You compute value1 - value2 several times in your function. Just do it once.
What applies to uint8_t can also be problematic. As far as performance is concerned, the best integral type to use as a conversion from double to integer is int , since the best integral type to use an array index is int .
max_value = value1; diff = value1 - value2; if (diff < 0.0) { max_value = value2; diff = -diff; } if (diff >= 5.0) { return max_value; } else { return max_value + LUT[(int)(diff * 10.0)]; }
Please note that the above ensures that the LUT index is between 0 (inclusive) and 50 (excluding). There is no need for uint8_t .
Edit
After some games with some variations, this is a fairly quick approximation of LUT to log(exp(value1)+exp(value2)) :
#include <stdint.h> // intptr_t *happens* to be fastest on my machine. YMMV. typedef intptr_t IndexType; double log_sum_exp (double value1, double value2, double *LUT) { double diff = value1 - value2; if (diff < 0.0) { value1 = value2; diff = -diff; } IndexType idx = diff * 10.0; if (idx < 50) { value1 += LUT[idx]; } return value1; }
The integral type IndexType is one of the keys to speeding up the process. I tested with clang and g ++, and both indicated that casting to intptr_t ( long on my computer) and using intptr_t as an index in LUT is faster than other integral types. This is significantly faster than some types. For example, unsigned long long and uint8_t incredibly bad options on my computer.

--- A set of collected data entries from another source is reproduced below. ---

(* There exist an instance domain $\mathcal{X}$ and a hypothesis class $\mathcal{H}$ consisting of a single hypothesis such that the following holds for all integers $k,l\ge 0$: if $k<l$, then for any integer $m\ge 0$ there exists a strategy of the adversary, all of whose presented sequences satisfy the $l$-bias assumption with respect to $\mathcal{H}$, that forces any deterministic learning algorithm guaranteeing at most $k$ mistakes (on all sequences satisfying the $l$-bias assumption with respect to $\mathcal{H}$) to have at least $m+1$ nontrivial rounds.
   Context: Online classification with abstention: at each round $t$ the adversary presents $x_t\in\mathcal{X}$, the learner predicts $\hat y_t\in\{-1,+1,\bot\}$ ($\bot$ = abstain), then the adversary reveals $y_t\in\{-1,+1\}$. A mistake is a round with $\hat y_t=-y_t$; a round is nontrivial if the learner makes a mistake or abstains on it. A deterministic learner's prediction is a deterministic function of the past labeled examples and the current example; the adversary may choose examples and labels adaptively. Hypotheses are maps $\mathcal{X}\to\{-1,+1\}$. For hypotheses $h_1,h_2$, $h_1\cdot h_2$ is the pointwise product, and for classes $\mathcal{H}_1\cdot\mathcal{H}_2=\{h_1\cdot h_2:h_i\in\mathcal{H}_i\}$. $\mathcal{C}^l$ is the class of functions $x\mapsto 1-2I(x\in D)$ for subsets $D\subseteq\mathcal{X}$ with $|D|\le l$, and $\mathcal{H}^l=\mathcal{H}\cdot\mathcal{C}^l$. A sequence $(x_1,y_1),\dots,(x_n,y_n)$ satisfies the $l$-bias assumption with respect to $\mathcal{H}$ if some $h\in\mathcal{H}^l$ has $h(x_t)=y_t$ for all $t$. An algorithm guarantees at most $k$ mistakes if on every admissible sequence it makes at most $k$ mistakes. *)

theory Defs
  imports Main
begin

text \<open>Labels are the integers -1 and +1; a prediction is Some 1, Some (-1), or None (abstain).
Hypotheses are int-valued maps on the instance type (only values on the domain X matter).\<close>

type_synonym 'x learner = "('x \<times> int) list \<Rightarrow> 'x \<Rightarrow> int option"
type_synonym 'x history = "('x \<times> int option \<times> int) list"

definition hyp_prod :: "('x \<Rightarrow> int) \<Rightarrow> ('x \<Rightarrow> int) \<Rightarrow> ('x \<Rightarrow> int)" where
  "hyp_prod h1 h2 = (\<lambda>x. h1 x * h2 x)"

definition class_prod :: "('x \<Rightarrow> int) set \<Rightarrow> ('x \<Rightarrow> int) set \<Rightarrow> ('x \<Rightarrow> int) set" where
  "class_prod H1 H2 = {hyp_prod h1 h2 | h1 h2. h1 \<in> H1 \<and> h2 \<in> H2}"

definition corr_class :: "'x set \<Rightarrow> nat \<Rightarrow> ('x \<Rightarrow> int) set" where
  "corr_class X l = {(\<lambda>x. 1 - 2 * (if x \<in> D then 1 else 0)) | D. D \<subseteq> X \<and> finite D \<and> card D \<le> l}"

definition biased_class :: "'x set \<Rightarrow> ('x \<Rightarrow> int) set \<Rightarrow> nat \<Rightarrow> ('x \<Rightarrow> int) set" where
  "biased_class X H l = class_prod H (corr_class X l)"

definition l_bias :: "'x set \<Rightarrow> ('x \<Rightarrow> int) set \<Rightarrow> nat \<Rightarrow> ('x \<times> int) list \<Rightarrow> bool" where
  "l_bias X H l S \<longleftrightarrow> (\<exists>h \<in> biased_class X H l. \<forall>t < length S. h (fst (S ! t)) = snd (S ! t))"

definition valid_seq :: "'x set \<Rightarrow> ('x \<times> int) list \<Rightarrow> bool" where
  "valid_seq X S \<longleftrightarrow> set S \<subseteq> X \<times> {-1, 1}"

definition valid_learner :: "'x learner \<Rightarrow> bool" where
  "valid_learner L \<longleftrightarrow> (\<forall>S x. L S x \<in> {None, Some 1, Some (-1)})"

definition mistakes :: "'x learner \<Rightarrow> ('x \<times> int) list \<Rightarrow> nat" where
  "mistakes L S = card {t. t < length S \<and> L (take t S) (fst (S ! t)) = Some (- snd (S ! t))}"

definition guarantees_mistakes :: "'x set \<Rightarrow> ('x \<Rightarrow> int) set \<Rightarrow> nat \<Rightarrow> nat \<Rightarrow> 'x learner \<Rightarrow> bool" where
  "guarantees_mistakes X H l k L \<longleftrightarrow>
     (\<forall>S. valid_seq X S \<and> l_bias X H l S \<longrightarrow> mistakes L S \<le> k)"

definition labels_of :: "'x history \<Rightarrow> ('x \<times> int) list" where
  "labels_of h = map (\<lambda>(x, p, y). (x, y)) h"

text \<open>Interaction of a deterministic learner with an adaptive adversary given by an example
rule ax (from the history) and a label rule ay (from the history, current example and prediction).\<close>
fun play :: "'x learner \<Rightarrow> ('x history \<Rightarrow> 'x) \<Rightarrow> ('x history \<Rightarrow> 'x \<Rightarrow> int option \<Rightarrow> int)
             \<Rightarrow> nat \<Rightarrow> 'x history" where
  "play L ax ay 0 = []"
| "play L ax ay (Suc n) =
     (let h = play L ax ay n; x = ax h; p = L (labels_of h) x; y = ay h x p in h @ [(x, p, y)])"

definition nontrivial_rounds :: "'x history \<Rightarrow> nat" where
  "nontrivial_rounds h =
     card {t. t < length h \<and> (fst (snd (h ! t)) = None \<or> fst (snd (h ! t)) = Some (- snd (snd (h ! t))))}"

end

theory Submission
  imports Defs
begin

text \<open>Take \<open>\<X> = \<nat>\<close> and \<open>\<H> = {1}\<close>. In round \<open>t\<close> the adversary shows the fresh instance \<open>t\<close>
and answers \<open>-1\<close> whenever the learner predicts \<open>+1\<close>, as long as it has answered \<open>-1\<close> fewer
than \<open>l\<close> times, and \<open>+1\<close> otherwise. The negatively labelled instances form the exceptional set
of an element of \<open>\<H>\<^sup>l\<close>, so every play is \<open>l\<close>-biased. Each \<open>-1\<close> answer is a mistake, so against a
learner making at most \<open>k < l\<close> mistakes the budget of \<open>-1\<close> answers never runs out; then
predicting \<open>+1\<close> is answered by \<open>-1\<close>, predicting \<open>-1\<close> by \<open>+1\<close>, and every round is nontrivial.\<close>

lemma length_play [simp]: "length (play L ax ay n) = n"
  by (induction n) (simp_all add: Let_def)

declare play.simps(2) [simp del]

lemma take_play: "t \<le> n \<Longrightarrow> take t (play L ax ay n) = play L ax ay t"
proof (induction n)
  case (Suc n)
  then show ?case
    by (cases "t = Suc n") (simp_all add: play.simps(2) Let_def)
qed simp

lemma nth_play:
  assumes "t < n"
  shows "play L ax ay n ! t =
    (let h = play L ax ay t; x = ax h; p = L (labels_of h) x in (x, p, ay h x p))"
proof -
  have "play L ax ay n ! t = take (Suc t) (play L ax ay n) ! t" by simp
  also have "\<dots> = play L ax ay (Suc t) ! t" using assms by (simp add: take_play)
  finally show ?thesis by (simp add: play.simps(2) Let_def nth_append)
qed

lemma length_labels_of [simp]: "length (labels_of h) = length h"
  by (simp add: labels_of_def)

lemma nth_labels_of: "t < length h \<Longrightarrow> labels_of h ! t = (fst (h ! t), snd (snd (h ! t)))"
  by (simp add: labels_of_def case_prod_beta)

lemma take_labels_of: "take t (labels_of h) = labels_of (take t h)"
  by (simp add: labels_of_def take_map)

lemma mistakes_labels_of_play:
  "mistakes L (labels_of (play L ax ay n)) =
     card {t. t < n \<and> fst (snd (play L ax ay n ! t)) = Some (- snd (snd (play L ax ay n ! t)))}"
proof -
  have "L (take t (labels_of (play L ax ay n))) (fst (labels_of (play L ax ay n) ! t))
          = fst (snd (play L ax ay n ! t))" if "t < n" for t
    using that by (simp add: take_labels_of take_play nth_labels_of nth_play Let_def)
  then show ?thesis
    unfolding mistakes_def by (intro arg_cong[where f = card]) (auto simp: nth_labels_of)
qed

lemma l_bias_const_one:
  assumes valid: "valid_seq X S"
    and few: "card {x. (x, -1) \<in> set S} \<le> l"
    and consistent: "\<And>x. (x, -1) \<in> set S \<Longrightarrow> (x, 1) \<notin> set S"
  shows "l_bias X {\<lambda>_. 1} l S"
proof -
  define D where "D = {x. (x, -1) \<in> set S}"
  define c :: "'a \<Rightarrow> int" where "c = (\<lambda>x. 1 - 2 * (if x \<in> D then 1 else 0))"
  have "D \<subseteq> fst ` set S" by (force simp: D_def)
  moreover have "fst ` set S \<subseteq> X" using valid by (auto simp: valid_seq_def)
  ultimately have "D \<subseteq> X" "finite D" by (auto intro: finite_subset)
  then have "c \<in> corr_class X l"
    using few unfolding corr_class_def c_def D_def by blast
  then have "hyp_prod (\<lambda>_. 1) c \<in> biased_class X {\<lambda>_. 1} l"
    unfolding biased_class_def class_prod_def by blast
  moreover have "hyp_prod (\<lambda>_. 1) c (fst (S ! t)) = snd (S ! t)" if "t < length S" for t
  proof -
    obtain x y where xy: "S ! t = (x, y)" by fastforce
    then have mem: "(x, y) \<in> set S" using that by (metis nth_mem)
    then have "y \<in> {-1, 1}" using valid by (auto simp: valid_seq_def)
    then show ?thesis
      using mem consistent by (auto simp: xy hyp_prod_def c_def D_def)
  qed
  ultimately show ?thesis unfolding l_bias_def by blast
qed

definition negative_rounds :: "'x history \<Rightarrow> nat set" where
  "negative_rounds h = {t. t < length h \<and> snd (snd (h ! t)) = -1}"

lemma finite_negative_rounds [simp]: "finite (negative_rounds h)"
  by (simp add: negative_rounds_def)

lemma negative_rounds_take: "negative_rounds (take t h) \<subseteq> negative_rounds h"
  by (auto simp: negative_rounds_def)

definition spoiler :: "nat \<Rightarrow> 'x history \<Rightarrow> 'x \<Rightarrow> int option \<Rightarrow> int" where
  "spoiler l h x p = (if p = Some 1 \<and> card (negative_rounds h) < l then -1 else 1)"

lemma card_negative_rounds_spoiler: "card (negative_rounds (play L ax (spoiler l) n)) \<le> l"
proof (induction n)
  case (Suc n)
  let ?h = "play L ax (spoiler l) n"
  have split: "negative_rounds (play L ax (spoiler l) (Suc n)) =
      negative_rounds ?h \<union> (if spoiler l ?h (ax ?h) (L (labels_of ?h) (ax ?h)) = -1 then {n} else {})"
    by (auto simp: negative_rounds_def play.simps(2) Let_def nth_append less_Suc_eq)
  have "spoiler l ?h (ax ?h) (L (labels_of ?h) (ax ?h)) = -1 \<Longrightarrow> card (negative_rounds ?h) < l"
    by (simp add: spoiler_def split: if_splits)
  moreover have "n \<notin> negative_rounds ?h" by (simp add: negative_rounds_def)
  ultimately show ?case
    using Suc by (cases "spoiler l ?h (ax ?h) (L (labels_of ?h) (ax ?h)) = -1")
      (simp_all add: split card_insert_disjoint)
qed (simp add: negative_rounds_def)

lemma l_bias_spoiler:
  "valid_seq UNIV (labels_of (play L length (spoiler l) n)) \<and>
   l_bias UNIV {\<lambda>_. 1} l (labels_of (play L length (spoiler l) n))"
proof -
  let ?h = "play L length (spoiler l) n"
  define y where "y t = snd (snd (?h ! t))" for t
  have labels: "labels_of ?h = map (\<lambda>t. (t, y t)) [0..<n]"
    by (rule nth_equalityI) (simp_all add: nth_labels_of nth_play Let_def y_def)
  have y_range: "y t \<in> {-1, 1}" if "t < n" for t
    using that by (simp add: y_def nth_play Let_def spoiler_def)
  have valid: "valid_seq UNIV (labels_of ?h)"
    using y_range by (fastforce simp: labels valid_seq_def)
  have "{x. (x, -1) \<in> set (labels_of ?h)} = negative_rounds ?h"
    by (auto simp: labels negative_rounds_def y_def)
  then have "card {x. (x, -1) \<in> set (labels_of ?h)} \<le> l"
    using card_negative_rounds_spoiler by metis
  moreover have "(x, 1) \<notin> set (labels_of ?h)" if "(x, -1) \<in> set (labels_of ?h)" for x
    using that by (auto simp: labels)
  ultimately show ?thesis
    using valid l_bias_const_one by blast
qed

lemma nontrivial_rounds_spoiler:
  assumes "valid_learner L" and few_mistakes: "mistakes L (labels_of (play L ax (spoiler l) n)) < l"
  shows "nontrivial_rounds (play L ax (spoiler l) n) = n"
proof -
  let ?h = "play L ax (spoiler l)"
  have "negative_rounds (?h n) \<subseteq>
      {t. t < n \<and> fst (snd (?h n ! t)) = Some (- snd (snd (?h n ! t)))}"
    by (auto simp: negative_rounds_def nth_play Let_def spoiler_def split: if_splits)
  then have "card (negative_rounds (?h n)) \<le> mistakes L (labels_of (?h n))"
    by (simp add: mistakes_labels_of_play card_mono)
  then have budget: "card (negative_rounds (?h n)) < l"
    using few_mistakes by linarith
  have "fst (snd (?h n ! t)) = None \<or> fst (snd (?h n ! t)) = Some (- snd (snd (?h n ! t)))"
    if "t < n" for t
  proof -
    have "negative_rounds (?h t) \<subseteq> negative_rounds (?h n)"
      using that negative_rounds_take[of t "?h n"] by (simp add: take_play)
    then have "card (negative_rounds (?h t)) < l"
      using budget card_mono[OF finite_negative_rounds] le_less_trans by blast
    moreover have "L (labels_of (?h t)) (ax (?h t)) \<in> {None, Some 1, Some (-1)}"
      using assms(1) by (simp add: valid_learner_def)
    ultimately show ?thesis
      using that by (auto simp: nth_play Let_def spoiler_def)
  qed
  then have "{t. t < length (?h n) \<and> (fst (snd (?h n ! t)) = None \<or>
      fst (snd (?h n ! t)) = Some (- snd (snd (?h n ! t))))} = {..<n}"
    by auto
  then show ?thesis unfolding nontrivial_rounds_def by simp
qed

theorem mainTheorem1:
  shows "\<exists>(X :: nat set) (H :: (nat \<Rightarrow> int) set).
     (\<exists>h. H = {h} \<and> (\<forall>x \<in> X. h x \<in> {-1, 1})) \<and>
     (\<forall>k l :: nat. k < l \<longrightarrow> (\<forall>m :: nat.
        \<exists>(T :: nat) (ax :: nat history \<Rightarrow> nat) (ay :: nat history \<Rightarrow> nat \<Rightarrow> int option \<Rightarrow> int).
          (\<forall>L. valid_learner L \<longrightarrow>
               valid_seq X (labels_of (play L ax ay T)) \<and> l_bias X H l (labels_of (play L ax ay T))) \<and>
          (\<forall>L. valid_learner L \<and> guarantees_mistakes X H l k L \<longrightarrow>
               nontrivial_rounds (play L ax ay T) \<ge> m + 1)))"
proof (rule exI[of _ UNIV], rule exI[of _ "{\<lambda>_. 1}"], intro conjI allI impI)
  fix k l m :: nat
  assume "k < l"
  let ?ax = "length :: nat history \<Rightarrow> nat" and ?ay = "spoiler l"
  have "m + 1 \<le> nontrivial_rounds (play L ?ax ?ay (Suc m))"
    if "valid_learner L" "guarantees_mistakes UNIV {\<lambda>_. 1} l k L" for L
  proof -
    have "mistakes L (labels_of (play L ?ax ?ay (Suc m))) < l"
      using that(2) l_bias_spoiler \<open>k < l\<close> unfolding guarantees_mistakes_def
      by (meson le_less_trans)
    then show ?thesis using nontrivial_rounds_spoiler[OF that(1)] by simp
  qed
  then show "\<exists>(T :: nat) (ax :: nat history \<Rightarrow> nat) (ay :: nat history \<Rightarrow> nat \<Rightarrow> int option \<Rightarrow> int).
      (\<forall>L. valid_learner L \<longrightarrow>
           valid_seq UNIV (labels_of (play L ax ay T)) \<and> l_bias UNIV {\<lambda>_. 1} l (labels_of (play L ax ay T))) \<and>
      (\<forall>L. valid_learner L \<and> guarantees_mistakes UNIV {\<lambda>_. 1} l k L \<longrightarrow>
           nontrivial_rounds (play L ax ay T) \<ge> m + 1)"
    using l_bias_spoiler by blast
qed auto

end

Type is not just a hint, at least with the compilers used. These compilers did exactly what he said in the code to convert from a floating point type to an integral type, regardless of the level of optimization.
Another speed error is obtained from comparing an integral type with 50, as opposed to comparing a floating point type with 5.0.
One final speed error: not all compilers are created equal. On my computer (YMMV) g++ -O3 generates significantly slower code (25% slower with this problem!) Than clang -O3 , which in turn generates code that is slightly slower than the generated clang -O4 .
I also played with a rational function approximation (similar to Mark Ransom's answer), but the above obviously does not use this approach.